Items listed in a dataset
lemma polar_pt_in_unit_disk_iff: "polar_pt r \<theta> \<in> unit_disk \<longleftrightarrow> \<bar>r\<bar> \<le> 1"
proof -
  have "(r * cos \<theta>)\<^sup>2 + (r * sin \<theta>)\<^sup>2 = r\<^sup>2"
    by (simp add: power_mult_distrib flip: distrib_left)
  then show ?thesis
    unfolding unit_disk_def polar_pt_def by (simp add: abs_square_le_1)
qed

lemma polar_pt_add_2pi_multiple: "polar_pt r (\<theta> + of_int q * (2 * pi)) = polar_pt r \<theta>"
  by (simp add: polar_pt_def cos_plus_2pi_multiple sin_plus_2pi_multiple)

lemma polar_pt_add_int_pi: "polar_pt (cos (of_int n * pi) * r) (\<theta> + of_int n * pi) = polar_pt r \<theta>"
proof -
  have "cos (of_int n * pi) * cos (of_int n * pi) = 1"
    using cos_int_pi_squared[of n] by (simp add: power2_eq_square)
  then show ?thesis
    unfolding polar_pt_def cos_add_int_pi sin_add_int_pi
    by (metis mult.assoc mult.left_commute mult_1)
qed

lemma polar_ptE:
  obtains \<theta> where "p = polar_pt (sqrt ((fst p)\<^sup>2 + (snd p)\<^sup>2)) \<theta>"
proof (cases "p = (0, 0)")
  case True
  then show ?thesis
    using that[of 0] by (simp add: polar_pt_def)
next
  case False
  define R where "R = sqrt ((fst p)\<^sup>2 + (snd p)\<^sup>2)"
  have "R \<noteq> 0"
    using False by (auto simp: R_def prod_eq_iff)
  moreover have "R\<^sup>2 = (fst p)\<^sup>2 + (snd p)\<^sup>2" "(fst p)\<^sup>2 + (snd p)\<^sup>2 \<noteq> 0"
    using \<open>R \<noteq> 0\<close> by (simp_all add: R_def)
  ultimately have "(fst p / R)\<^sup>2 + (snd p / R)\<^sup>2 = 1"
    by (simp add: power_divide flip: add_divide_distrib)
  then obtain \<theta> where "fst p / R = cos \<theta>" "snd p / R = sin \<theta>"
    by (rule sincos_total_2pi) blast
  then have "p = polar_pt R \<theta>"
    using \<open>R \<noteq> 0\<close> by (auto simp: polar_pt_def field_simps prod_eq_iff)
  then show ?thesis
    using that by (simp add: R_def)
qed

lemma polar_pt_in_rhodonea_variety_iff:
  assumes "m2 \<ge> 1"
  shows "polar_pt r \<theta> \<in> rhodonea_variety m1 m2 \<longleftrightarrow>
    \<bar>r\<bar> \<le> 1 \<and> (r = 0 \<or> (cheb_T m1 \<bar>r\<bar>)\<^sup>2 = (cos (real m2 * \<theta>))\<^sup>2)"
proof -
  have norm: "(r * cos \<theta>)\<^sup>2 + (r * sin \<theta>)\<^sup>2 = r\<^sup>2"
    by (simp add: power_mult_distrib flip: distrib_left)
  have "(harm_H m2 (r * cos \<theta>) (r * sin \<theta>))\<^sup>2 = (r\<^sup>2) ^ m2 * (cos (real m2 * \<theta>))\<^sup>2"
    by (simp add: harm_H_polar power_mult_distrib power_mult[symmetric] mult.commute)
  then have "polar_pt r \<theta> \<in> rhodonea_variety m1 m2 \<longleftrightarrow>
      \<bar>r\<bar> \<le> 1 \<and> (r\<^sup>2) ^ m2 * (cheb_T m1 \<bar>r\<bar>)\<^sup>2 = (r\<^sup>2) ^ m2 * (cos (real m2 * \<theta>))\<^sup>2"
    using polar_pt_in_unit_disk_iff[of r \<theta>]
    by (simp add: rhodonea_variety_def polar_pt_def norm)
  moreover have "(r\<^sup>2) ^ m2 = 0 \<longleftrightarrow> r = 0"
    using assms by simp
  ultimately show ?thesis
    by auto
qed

==

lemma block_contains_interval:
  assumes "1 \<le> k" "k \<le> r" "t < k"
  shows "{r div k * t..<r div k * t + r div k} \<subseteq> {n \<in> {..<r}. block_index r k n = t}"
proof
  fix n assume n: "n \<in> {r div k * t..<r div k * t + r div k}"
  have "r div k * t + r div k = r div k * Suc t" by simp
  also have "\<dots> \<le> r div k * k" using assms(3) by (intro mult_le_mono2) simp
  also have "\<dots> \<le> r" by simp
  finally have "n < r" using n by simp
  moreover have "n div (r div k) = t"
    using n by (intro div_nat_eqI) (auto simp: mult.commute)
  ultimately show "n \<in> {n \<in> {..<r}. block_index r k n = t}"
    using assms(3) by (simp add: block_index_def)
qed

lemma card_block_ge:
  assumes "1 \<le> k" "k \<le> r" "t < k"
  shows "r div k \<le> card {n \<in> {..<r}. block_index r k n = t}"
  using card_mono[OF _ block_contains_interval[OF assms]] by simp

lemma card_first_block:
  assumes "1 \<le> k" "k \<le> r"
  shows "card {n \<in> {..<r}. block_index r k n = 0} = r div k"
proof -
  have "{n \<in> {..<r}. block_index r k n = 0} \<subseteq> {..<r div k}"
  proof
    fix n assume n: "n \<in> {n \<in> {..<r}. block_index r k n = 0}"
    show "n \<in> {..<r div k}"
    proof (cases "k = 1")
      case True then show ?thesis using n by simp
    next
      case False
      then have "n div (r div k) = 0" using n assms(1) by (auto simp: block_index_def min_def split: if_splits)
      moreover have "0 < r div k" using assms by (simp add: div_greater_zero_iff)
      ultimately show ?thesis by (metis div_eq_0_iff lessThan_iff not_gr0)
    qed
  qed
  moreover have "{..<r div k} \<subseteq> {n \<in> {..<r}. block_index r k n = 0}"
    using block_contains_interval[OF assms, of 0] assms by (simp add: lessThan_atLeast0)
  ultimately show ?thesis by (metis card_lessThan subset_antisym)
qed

* * *

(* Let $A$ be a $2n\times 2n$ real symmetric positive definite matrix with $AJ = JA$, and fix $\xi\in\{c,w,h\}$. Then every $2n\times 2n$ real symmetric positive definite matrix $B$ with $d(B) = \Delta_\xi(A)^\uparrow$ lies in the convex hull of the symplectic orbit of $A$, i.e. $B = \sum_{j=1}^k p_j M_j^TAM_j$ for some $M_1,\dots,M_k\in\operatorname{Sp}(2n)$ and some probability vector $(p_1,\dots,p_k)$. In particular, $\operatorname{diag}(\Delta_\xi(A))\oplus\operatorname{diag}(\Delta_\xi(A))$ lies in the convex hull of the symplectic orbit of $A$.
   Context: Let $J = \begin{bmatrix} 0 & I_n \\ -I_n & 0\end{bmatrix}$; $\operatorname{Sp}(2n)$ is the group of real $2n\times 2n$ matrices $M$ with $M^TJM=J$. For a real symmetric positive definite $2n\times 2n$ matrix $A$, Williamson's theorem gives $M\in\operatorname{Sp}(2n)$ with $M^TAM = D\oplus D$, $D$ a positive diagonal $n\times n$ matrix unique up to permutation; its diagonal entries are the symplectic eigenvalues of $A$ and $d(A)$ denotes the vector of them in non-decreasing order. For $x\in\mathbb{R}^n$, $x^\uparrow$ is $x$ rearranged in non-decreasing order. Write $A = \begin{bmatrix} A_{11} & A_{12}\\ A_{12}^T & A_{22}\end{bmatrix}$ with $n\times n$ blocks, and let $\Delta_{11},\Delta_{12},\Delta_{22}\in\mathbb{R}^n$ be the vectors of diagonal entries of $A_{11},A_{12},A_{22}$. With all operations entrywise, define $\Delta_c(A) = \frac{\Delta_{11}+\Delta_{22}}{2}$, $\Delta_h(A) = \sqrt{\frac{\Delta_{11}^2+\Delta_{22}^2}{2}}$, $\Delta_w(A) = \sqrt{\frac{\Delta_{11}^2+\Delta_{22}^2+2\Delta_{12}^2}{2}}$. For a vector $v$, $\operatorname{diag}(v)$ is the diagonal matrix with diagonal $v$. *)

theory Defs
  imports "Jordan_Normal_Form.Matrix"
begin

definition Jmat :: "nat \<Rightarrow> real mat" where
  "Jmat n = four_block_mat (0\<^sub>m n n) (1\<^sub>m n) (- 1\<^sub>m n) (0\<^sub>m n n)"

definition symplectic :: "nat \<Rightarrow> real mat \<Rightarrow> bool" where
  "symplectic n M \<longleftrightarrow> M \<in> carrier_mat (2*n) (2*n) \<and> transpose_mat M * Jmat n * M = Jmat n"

Exercise requirements:
In the entries above, please find the line with "theory Defs" and the line with "real mat \<Rightarrow>", then write out exactly those two lines and every line between them, and nothing more.

Problem solution:
theory Defs
  imports "Jordan_Normal_Form.Matrix"
begin

definition Jmat :: "nat \<Rightarrow> real mat" where
  "Jmat n = four_block_mat (0\<^sub>m n n) (1\<^sub>m n) (- 1\<^sub>m n) (0\<^sub>m n n)"

definition symplectic :: "nat \<Rightarrow> real mat \<Rightarrow> bool" where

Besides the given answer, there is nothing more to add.